Le deuxième procès Vatileaks a cependant évité d’aborder la question du vol de documents et a donc laissé un grand point d’interrogation sur la situation. Qui fait fuir les documents et les procès-verbaux à publier? Et pour quelle raison?

Huit ans après, la figure de Paolo Gabriele est apparue brouillée dans le monde du Vatican. Contrairement à ceux qui se sont nourris de ses informations, il ne s’est pas enrichi ; il n’a pas vendu de livres, il n’a même pas écrit de mémoires. Il était un instrument, et en tant que tel, il a été condamné puis pardonné.

Sa mort, cependant, n’a pas clos un chapitre, tout comme le pardon papal qui lui a été accordé n’avait pas achevé la saison des Vatileaks. C’est une tendance actuelle, et il n’est même pas possible de penser le journalisme différemment. Les Vatileaks ne sont pas terminés, et il se peut qu’elles ne se terminent jamais.

L’affaire de Paolo Gabriele a été la première, mais sans doute pas la plus importante. Les questions brûlantes sont toutes restées sans réponse. Il n’a trahi aucun de ses amis, et il ne s’est jamais trahi lui-même.
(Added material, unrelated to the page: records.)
fun subst_b :: "lname \<Rightarrow> int \<Rightarrow> bexp \<Rightarrow> bexp" where
  "subst_b l v (Rel r e1 e2) = Rel r (subst_a l v e1) (subst_a l v e2)"
| "subst_b l v (And b1 b2) = And (subst_b l v b1) (subst_b l v b2)"
| "subst_b l v (Or b1 b2) = Or (subst_b l v b1) (subst_b l v b2)"
| "subst_b l v (Not b) = Not (subst_b l v b)"

fun subst_c :: "lname \<Rightarrow> int \<Rightarrow> com \<Rightarrow> com" where
  "subst_c l v Skip = Skip"
| "subst_c l v (Assign x e) = Assign x (subst_a l v e)"
| "subst_c l v (AAssign a i e) = AAssign a (subst_a l v i) (subst_a l v e)"
| "subst_c l v (If b c1 c2) = If (subst_b l v b) (subst_c l v c1) (subst_c l v c2)"
| "subst_c l v (Seq c1 c2) = Seq (subst_c l v c1) (subst_c l v c2)"
| "subst_c l v (For l' E c) = For l' (subst_a l v E) (subst_c l v c)"

definition seqs :: "com list \<Rightarrow> com" where
  "seqs cs = foldr Seq cs Skip"

fun peel :: "int \<Rightarrow> com \<Rightarrow> com" where
  "peel N (For l E c) =
     Seq (For l (substN E) c)
         (seqs (map (\<lambda>i. subst_c l (int i) c) [iters E (N - 1) ..< iters E N]))"
| "peel N (If b c1 c2) = If b (peel N c1) (peel N c2)"
| "peel N (Seq c1 c2) = Seq (peel N c1) (peel N c2)"
| "peel N c = c"

end

theory Submission
  imports Defs
begin

text \<open>A loop whose bound evaluates to \<open>k\<close> behaves like the sequence of \<open>k\<close> copies of its
  body with the counter instantiated to \<open>0, \<dots>, k - 1\<close>. Splitting this sequence at
  \<open>k\<^sub>L(N - 1)\<close> yields the loop with bound \<open>k\<^sub>L(N - 1)\<close> followed by the peeled copies, so
  peeling preserves the input/output relation, and hence every Hoare triple, as soon as
  \<open>k\<^sub>L(N - 1) \<le> k\<^sub>L(N)\<close>. That inequality follows from the constant increment \<open>c\<^sub>L\<close>: were
  \<open>c\<^sub>L\<close> negative, the counts \<open>k\<^sub>L(M) = k\<^sub>L(0) + M c\<^sub>L\<close> would eventually become negative.\<close>

lemma constant_increment_nonneg:
  fixes f :: "int \<Rightarrow> int"
  assumes increment: "\<And>M. M \<ge> 1 \<Longrightarrow> f M - f (M - 1) = c"
    and nonneg: "\<And>M. M \<ge> 0 \<Longrightarrow> f M \<ge> 0"
  shows "c \<ge> 0"
proof (rule ccontr)
  assume "\<not> c \<ge> 0"
  have linear: "f (int n) = f 0 + int n * c" for n
  proof (induction n)
    case (Suc n)
    with increment[of "int n + 1"] show ?case by (simp add: algebra_simps)
  qed simp
  define n where "n = nat (f 0) + 1"
  from \<open>\<not> c \<ge> 0\<close> have "int n * c \<le> int n * (-1)"
    by (intro mult_left_mono) simp_all
  then have "f (int n) < 0"
    using linear[of n] nonneg[of 0] by (simp add: n_def)
  with nonneg[of "int n"] show False by simp
qed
Mais pourquoi un homme aurait-il risqué un emploi prestigieux, un foyer, un traitement préférentiel, des privilèges, juste pour travailler avec des gens à qui on ne peut pas faire confiance ?

C’est la question la plus mystérieuse de l’histoire de Paolo Gabriele. Et c’est une question qui devrait également être posée à de nombreux personnages qui gravitent dans l’orbite du Saint-Siège et à ceux qui gravitent autour du pape François, car ceux qui ont instrumentalisé Paolo Gabriele continuent à le faire avec à travers d’autres personnes, ou personnellement.

Le vrai pouvoir est celui qui est invisible. Et il existe en effet une Église profonde qui fonctionne comme un État profond, composé de prélats ayant une influence spécifique dans les affaires du monde. Paolo Gabriele ne faisait partie de rien. C’était juste un homme qui aimait Benoît XVI, convaincu que faire ce qu’il faisait aiderait le pontificat. Tous ceux qui connaissent les choses du monde savent que cela peut arriver. Et savent aussi qu’après tout, selon lui, Paolo Gabriele l’a fait pour l’Église. Il est difficile de voir dans tous les consultants passés (et grassement payés) au Vatican ces dernières années la même conception de la poursuite du bien de l’Église.

S’il y a une chose que la mort de Paolo Gabriele clôt, c’est bien l’ère des personnes fidèles à l’Église au point de sacrifier quelque chose d’elles-mêmes pour l’aider, même en se trompant. Aujourd’hui, ceux qui se disent proches de l’Église le font avant tout pour en tirer des avantages. C’est la corruption la plus difficile à éradiquer. Il y a beaucoup de travail à faire.